Set down exactly the lines of the listing below, please, beginning with the first and ending with the line that holds "inj_on \<phi> V \<and>".

━━━ Raw data ━━━

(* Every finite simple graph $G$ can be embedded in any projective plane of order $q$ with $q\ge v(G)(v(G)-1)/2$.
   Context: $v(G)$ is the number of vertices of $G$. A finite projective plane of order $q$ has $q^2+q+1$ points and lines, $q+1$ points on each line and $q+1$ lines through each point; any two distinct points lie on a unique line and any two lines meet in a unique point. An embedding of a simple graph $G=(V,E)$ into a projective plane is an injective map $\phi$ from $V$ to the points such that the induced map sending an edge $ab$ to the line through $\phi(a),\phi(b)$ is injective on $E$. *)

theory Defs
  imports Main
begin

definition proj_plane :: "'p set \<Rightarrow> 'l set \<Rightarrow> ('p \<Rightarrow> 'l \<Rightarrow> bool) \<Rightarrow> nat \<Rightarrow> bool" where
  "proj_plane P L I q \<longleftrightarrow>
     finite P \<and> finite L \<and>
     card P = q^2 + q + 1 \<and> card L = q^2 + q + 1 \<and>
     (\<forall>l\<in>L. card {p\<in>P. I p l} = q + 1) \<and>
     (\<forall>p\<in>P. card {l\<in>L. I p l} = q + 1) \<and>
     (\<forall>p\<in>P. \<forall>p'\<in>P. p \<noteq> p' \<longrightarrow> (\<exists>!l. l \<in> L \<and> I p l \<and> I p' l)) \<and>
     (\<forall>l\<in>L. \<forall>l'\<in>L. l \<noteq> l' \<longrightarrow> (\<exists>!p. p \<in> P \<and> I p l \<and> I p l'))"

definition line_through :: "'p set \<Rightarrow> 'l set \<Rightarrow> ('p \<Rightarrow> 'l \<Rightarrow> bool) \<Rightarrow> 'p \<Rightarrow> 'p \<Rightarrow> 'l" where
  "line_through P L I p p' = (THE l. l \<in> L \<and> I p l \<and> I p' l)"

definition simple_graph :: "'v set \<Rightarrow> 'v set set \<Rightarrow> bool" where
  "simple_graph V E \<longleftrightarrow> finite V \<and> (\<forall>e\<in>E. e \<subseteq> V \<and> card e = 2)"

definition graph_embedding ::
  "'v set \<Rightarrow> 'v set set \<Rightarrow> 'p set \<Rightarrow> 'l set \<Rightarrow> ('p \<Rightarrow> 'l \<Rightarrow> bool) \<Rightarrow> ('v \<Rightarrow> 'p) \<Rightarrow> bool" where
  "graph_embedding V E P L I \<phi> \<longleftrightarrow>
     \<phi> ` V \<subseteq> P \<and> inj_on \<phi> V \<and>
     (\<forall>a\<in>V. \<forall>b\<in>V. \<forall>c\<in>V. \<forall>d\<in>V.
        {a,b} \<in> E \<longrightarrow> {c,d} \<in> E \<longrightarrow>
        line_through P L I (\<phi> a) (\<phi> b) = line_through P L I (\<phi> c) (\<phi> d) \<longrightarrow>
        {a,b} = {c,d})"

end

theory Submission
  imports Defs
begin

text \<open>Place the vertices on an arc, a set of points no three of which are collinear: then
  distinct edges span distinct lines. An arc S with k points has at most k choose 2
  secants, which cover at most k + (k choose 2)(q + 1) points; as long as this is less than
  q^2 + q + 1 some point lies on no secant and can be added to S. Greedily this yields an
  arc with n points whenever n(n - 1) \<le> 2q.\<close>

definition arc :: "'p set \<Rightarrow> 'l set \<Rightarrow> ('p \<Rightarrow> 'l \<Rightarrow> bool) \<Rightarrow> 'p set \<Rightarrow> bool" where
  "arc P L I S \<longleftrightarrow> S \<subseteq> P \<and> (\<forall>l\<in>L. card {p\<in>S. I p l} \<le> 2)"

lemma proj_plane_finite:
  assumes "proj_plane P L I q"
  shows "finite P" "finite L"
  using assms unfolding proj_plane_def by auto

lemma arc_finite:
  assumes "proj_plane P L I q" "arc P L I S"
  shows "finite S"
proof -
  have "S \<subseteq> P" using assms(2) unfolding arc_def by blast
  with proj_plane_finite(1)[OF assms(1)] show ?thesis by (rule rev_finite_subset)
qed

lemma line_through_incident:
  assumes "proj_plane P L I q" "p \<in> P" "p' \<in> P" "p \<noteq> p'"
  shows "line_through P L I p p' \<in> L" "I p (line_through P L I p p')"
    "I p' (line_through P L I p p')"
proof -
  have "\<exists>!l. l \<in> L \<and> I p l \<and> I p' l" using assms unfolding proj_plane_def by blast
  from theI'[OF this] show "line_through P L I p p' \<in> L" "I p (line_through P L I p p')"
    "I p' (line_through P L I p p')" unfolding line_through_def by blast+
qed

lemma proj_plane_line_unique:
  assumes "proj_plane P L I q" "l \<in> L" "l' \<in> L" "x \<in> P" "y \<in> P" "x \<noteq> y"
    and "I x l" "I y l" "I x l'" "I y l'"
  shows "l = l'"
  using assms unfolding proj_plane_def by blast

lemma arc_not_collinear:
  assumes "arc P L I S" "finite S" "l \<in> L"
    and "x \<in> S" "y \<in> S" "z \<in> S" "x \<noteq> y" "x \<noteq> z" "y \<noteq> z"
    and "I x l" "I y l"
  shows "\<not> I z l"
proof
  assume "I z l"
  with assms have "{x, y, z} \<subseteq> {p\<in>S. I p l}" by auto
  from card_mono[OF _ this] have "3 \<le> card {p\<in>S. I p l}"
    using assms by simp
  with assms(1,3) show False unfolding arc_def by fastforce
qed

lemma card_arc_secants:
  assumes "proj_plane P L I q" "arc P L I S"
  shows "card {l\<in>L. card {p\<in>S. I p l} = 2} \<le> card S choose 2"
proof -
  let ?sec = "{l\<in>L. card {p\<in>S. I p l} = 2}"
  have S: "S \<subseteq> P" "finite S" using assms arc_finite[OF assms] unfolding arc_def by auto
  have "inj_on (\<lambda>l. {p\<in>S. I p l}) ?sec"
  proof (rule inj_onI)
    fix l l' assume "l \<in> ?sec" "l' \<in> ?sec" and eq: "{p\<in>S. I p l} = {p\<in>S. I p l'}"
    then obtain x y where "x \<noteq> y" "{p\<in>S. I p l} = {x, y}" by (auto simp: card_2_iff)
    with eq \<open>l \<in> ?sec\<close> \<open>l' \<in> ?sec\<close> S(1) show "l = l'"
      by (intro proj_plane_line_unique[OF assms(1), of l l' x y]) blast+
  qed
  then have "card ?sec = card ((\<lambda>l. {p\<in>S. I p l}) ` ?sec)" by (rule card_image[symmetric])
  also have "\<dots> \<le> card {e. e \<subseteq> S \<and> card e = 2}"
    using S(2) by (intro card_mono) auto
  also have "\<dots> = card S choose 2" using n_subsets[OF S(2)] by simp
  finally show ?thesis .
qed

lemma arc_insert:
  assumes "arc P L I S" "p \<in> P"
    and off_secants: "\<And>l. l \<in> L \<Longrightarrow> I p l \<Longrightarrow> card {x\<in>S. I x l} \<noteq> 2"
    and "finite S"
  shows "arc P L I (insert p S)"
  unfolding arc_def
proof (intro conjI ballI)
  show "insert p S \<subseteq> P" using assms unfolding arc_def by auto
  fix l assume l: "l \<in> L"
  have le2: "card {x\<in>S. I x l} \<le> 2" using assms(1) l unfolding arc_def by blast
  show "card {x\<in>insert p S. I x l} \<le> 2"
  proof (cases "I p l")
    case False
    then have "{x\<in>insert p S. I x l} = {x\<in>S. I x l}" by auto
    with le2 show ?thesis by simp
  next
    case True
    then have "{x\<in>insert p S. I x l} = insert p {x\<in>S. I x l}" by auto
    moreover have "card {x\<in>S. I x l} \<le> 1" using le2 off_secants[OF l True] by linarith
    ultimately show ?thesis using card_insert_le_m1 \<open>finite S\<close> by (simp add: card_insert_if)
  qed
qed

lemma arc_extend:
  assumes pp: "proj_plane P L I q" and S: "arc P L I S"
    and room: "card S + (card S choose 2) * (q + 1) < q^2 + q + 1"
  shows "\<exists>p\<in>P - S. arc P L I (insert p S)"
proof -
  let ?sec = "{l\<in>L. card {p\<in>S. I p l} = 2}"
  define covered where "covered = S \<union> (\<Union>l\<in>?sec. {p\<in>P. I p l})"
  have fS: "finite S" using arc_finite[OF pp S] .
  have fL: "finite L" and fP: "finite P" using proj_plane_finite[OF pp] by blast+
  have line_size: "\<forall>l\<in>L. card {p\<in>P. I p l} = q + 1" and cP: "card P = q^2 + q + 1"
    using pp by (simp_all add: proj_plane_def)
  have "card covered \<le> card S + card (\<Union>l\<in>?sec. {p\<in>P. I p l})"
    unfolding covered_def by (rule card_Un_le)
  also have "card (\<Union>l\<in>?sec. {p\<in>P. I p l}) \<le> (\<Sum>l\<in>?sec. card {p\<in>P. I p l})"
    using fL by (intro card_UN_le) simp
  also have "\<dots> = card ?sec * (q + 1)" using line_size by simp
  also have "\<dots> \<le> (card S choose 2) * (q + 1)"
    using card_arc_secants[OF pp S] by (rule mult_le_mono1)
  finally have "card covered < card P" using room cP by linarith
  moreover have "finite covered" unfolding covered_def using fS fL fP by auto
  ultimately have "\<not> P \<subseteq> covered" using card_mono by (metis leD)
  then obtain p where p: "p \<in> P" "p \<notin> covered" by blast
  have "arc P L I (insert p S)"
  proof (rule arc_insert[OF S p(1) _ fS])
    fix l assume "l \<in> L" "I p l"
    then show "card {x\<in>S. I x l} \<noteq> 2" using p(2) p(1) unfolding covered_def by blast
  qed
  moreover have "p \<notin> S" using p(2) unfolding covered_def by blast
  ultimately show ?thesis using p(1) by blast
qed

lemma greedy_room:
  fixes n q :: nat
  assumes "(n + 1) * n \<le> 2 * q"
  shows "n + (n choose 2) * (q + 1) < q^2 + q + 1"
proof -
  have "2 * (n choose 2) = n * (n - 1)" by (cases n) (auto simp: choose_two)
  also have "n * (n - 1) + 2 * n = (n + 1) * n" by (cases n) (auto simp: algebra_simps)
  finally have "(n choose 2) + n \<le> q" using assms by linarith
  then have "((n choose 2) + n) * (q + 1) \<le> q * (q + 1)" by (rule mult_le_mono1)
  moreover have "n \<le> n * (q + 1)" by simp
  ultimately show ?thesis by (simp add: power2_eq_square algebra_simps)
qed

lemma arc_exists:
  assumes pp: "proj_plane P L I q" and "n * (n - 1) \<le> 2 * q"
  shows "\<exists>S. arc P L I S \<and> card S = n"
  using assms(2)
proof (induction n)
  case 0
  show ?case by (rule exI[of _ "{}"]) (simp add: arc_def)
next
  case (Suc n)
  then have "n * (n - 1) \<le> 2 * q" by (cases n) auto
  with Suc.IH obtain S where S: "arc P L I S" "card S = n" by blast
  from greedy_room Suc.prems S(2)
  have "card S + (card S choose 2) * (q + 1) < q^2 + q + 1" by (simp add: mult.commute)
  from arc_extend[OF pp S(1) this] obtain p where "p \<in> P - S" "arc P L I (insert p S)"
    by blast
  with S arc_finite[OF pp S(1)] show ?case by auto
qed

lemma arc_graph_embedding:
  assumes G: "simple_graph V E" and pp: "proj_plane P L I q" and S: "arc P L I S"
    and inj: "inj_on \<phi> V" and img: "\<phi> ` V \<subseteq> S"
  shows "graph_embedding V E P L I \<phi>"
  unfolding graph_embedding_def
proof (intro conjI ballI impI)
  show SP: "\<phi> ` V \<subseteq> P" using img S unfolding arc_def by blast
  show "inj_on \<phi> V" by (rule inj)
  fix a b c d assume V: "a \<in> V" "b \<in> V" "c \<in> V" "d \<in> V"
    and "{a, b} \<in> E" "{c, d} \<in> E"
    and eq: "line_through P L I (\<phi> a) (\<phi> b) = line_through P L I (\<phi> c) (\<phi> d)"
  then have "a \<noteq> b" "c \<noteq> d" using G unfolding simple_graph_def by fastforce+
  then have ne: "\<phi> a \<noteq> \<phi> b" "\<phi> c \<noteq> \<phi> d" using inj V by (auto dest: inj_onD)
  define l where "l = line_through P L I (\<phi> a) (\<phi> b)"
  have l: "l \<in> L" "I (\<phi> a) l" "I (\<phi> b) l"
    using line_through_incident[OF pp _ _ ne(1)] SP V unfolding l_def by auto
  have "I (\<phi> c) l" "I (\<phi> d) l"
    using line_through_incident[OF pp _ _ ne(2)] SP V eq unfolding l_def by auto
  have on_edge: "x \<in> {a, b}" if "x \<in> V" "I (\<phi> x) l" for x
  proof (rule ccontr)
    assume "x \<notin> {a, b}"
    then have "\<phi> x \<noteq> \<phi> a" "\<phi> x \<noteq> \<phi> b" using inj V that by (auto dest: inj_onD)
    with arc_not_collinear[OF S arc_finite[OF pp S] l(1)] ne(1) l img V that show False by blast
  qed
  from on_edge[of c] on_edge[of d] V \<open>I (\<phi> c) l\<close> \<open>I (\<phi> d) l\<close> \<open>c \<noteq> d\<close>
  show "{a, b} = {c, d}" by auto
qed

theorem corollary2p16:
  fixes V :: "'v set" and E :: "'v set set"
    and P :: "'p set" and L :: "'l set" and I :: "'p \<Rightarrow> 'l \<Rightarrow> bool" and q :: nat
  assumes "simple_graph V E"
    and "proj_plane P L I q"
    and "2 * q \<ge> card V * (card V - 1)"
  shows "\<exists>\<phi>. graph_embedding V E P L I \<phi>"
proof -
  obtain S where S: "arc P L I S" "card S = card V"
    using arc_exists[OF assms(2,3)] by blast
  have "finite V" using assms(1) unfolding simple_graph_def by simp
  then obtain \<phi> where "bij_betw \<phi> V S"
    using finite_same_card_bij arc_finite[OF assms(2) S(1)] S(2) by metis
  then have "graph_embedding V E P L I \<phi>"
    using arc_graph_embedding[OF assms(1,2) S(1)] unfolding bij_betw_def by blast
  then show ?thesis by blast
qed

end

━━━

• Answer area
(* Every finite simple graph $G$ can be embedded in any projective plane of order $q$ with $q\ge v(G)(v(G)-1)/2$.
   Context: $v(G)$ is the number of vertices of $G$. A finite projective plane of order $q$ has $q^2+q+1$ points and lines, $q+1$ points on each line and $q+1$ lines through each point; any two distinct points lie on a unique line and any two lines meet in a unique point. An embedding of a simple graph $G=(V,E)$ into a projective plane is an injective map $\phi$ from $V$ to the points such that the induced map sending an edge $ab$ to the line through $\phi(a),\phi(b)$ is injective on $E$. *)

theory Defs
  imports Main
begin

definition proj_plane :: "'p set \<Rightarrow> 'l set \<Rightarrow> ('p \<Rightarrow> 'l \<Rightarrow> bool) \<Rightarrow> nat \<Rightarrow> bool" where
  "proj_plane P L I q \<longleftrightarrow>
     finite P \<and> finite L \<and>
     card P = q^2 + q + 1 \<and> card L = q^2 + q + 1 \<and>
     (\<forall>l\<in>L. card {p\<in>P. I p l} = q + 1) \<and>
     (\<forall>p\<in>P. card {l\<in>L. I p l} = q + 1) \<and>
     (\<forall>p\<in>P. \<forall>p'\<in>P. p \<noteq> p' \<longrightarrow> (\<exists>!l. l \<in> L \<and> I p l \<and> I p' l)) \<and>
     (\<forall>l\<in>L. \<forall>l'\<in>L. l \<noteq> l' \<longrightarrow> (\<exists>!p. p \<in> P \<and> I p l \<and> I p l'))"

definition line_through :: "'p set \<Rightarrow> 'l set \<Rightarrow> ('p \<Rightarrow> 'l \<Rightarrow> bool) \<Rightarrow> 'p \<Rightarrow> 'p \<Rightarrow> 'l" where
  "line_through P L I p p' = (THE l. l \<in> L \<and> I p l \<and> I p' l)"

definition simple_graph :: "'v set \<Rightarrow> 'v set set \<Rightarrow> bool" where
  "simple_graph V E \<longleftrightarrow> finite V \<and> (\<forall>e\<in>E. e \<subseteq> V \<and> card e = 2)"

definition graph_embedding ::
  "'v set \<Rightarrow> 'v set set \<Rightarrow> 'p set \<Rightarrow> 'l set \<Rightarrow> ('p \<Rightarrow> 'l \<Rightarrow> bool) \<Rightarrow> ('v \<Rightarrow> 'p) \<Rightarrow> bool" where
  "graph_embedding V E P L I \<phi> \<longleftrightarrow>
     \<phi> ` V \<subseteq> P \<and> inj_on \<phi> V \<and>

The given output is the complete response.